**What to produce**: What is needed is a word-for-word restatement of all the entries.

Data for review: Begin

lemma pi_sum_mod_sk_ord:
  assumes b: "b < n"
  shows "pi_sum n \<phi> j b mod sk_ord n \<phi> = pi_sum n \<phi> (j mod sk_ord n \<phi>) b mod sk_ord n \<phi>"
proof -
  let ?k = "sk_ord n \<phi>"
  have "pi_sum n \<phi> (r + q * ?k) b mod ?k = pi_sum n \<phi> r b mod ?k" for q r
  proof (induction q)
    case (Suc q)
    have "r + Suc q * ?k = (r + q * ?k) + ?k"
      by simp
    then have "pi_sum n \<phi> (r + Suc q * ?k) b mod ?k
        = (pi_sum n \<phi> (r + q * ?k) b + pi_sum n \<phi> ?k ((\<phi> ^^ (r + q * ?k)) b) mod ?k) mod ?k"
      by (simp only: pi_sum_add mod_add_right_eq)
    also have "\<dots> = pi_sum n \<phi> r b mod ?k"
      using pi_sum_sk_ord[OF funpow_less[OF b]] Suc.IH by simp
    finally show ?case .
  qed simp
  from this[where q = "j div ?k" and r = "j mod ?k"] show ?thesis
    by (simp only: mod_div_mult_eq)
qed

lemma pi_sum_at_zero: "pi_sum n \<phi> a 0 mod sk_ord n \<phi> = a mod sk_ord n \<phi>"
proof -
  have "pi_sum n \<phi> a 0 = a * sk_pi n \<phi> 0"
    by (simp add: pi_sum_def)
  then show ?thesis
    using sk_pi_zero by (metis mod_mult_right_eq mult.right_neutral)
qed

Data for review: End

**Answer section**:
lemma pi_sum_mod_sk_ord:
  assumes b: "b < n"
  shows "pi_sum n \<phi> j b mod sk_ord n \<phi> = pi_sum n \<phi> (j mod sk_ord n \<phi>) b mod sk_ord n \<phi>"
proof -
  let ?k = "sk_ord n \<phi>"
  have "pi_sum n \<phi> (r + q * ?k) b mod ?k = pi_sum n \<phi> r b mod ?k" for q r
  proof (induction q)
    case (Suc q)
    have "r + Suc q * ?k = (r + q * ?k) + ?k"
      by simp
    then have "pi_sum n \<phi> (r + Suc q * ?k) b mod ?k
        = (pi_sum n \<phi> (r + q * ?k) b + pi_sum n \<phi> ?k ((\<phi> ^^ (r + q * ?k)) b) mod ?k) mod ?k"
      by (simp only: pi_sum_add mod_add_right_eq)
    also have "\<dots> = pi_sum n \<phi> r b mod ?k"
      using pi_sum_sk_ord[OF funpow_less[OF b]] Suc.IH by simp
    finally show ?case .
  qed simp
  from this[where q = "j div ?k" and r = "j mod ?k"] show ?thesis
    by (simp only: mod_div_mult_eq)
qed

lemma pi_sum_at_zero: "pi_sum n \<phi> a 0 mod sk_ord n \<phi> = a mod sk_ord n \<phi>"
proof -
  have "pi_sum n \<phi> a 0 = a * sk_pi n \<phi> 0"
    by (simp add: pi_sum_def)
  then show ?thesis
    using sk_pi_zero by (metis mod_mult_right_eq mult.right_neutral)
qed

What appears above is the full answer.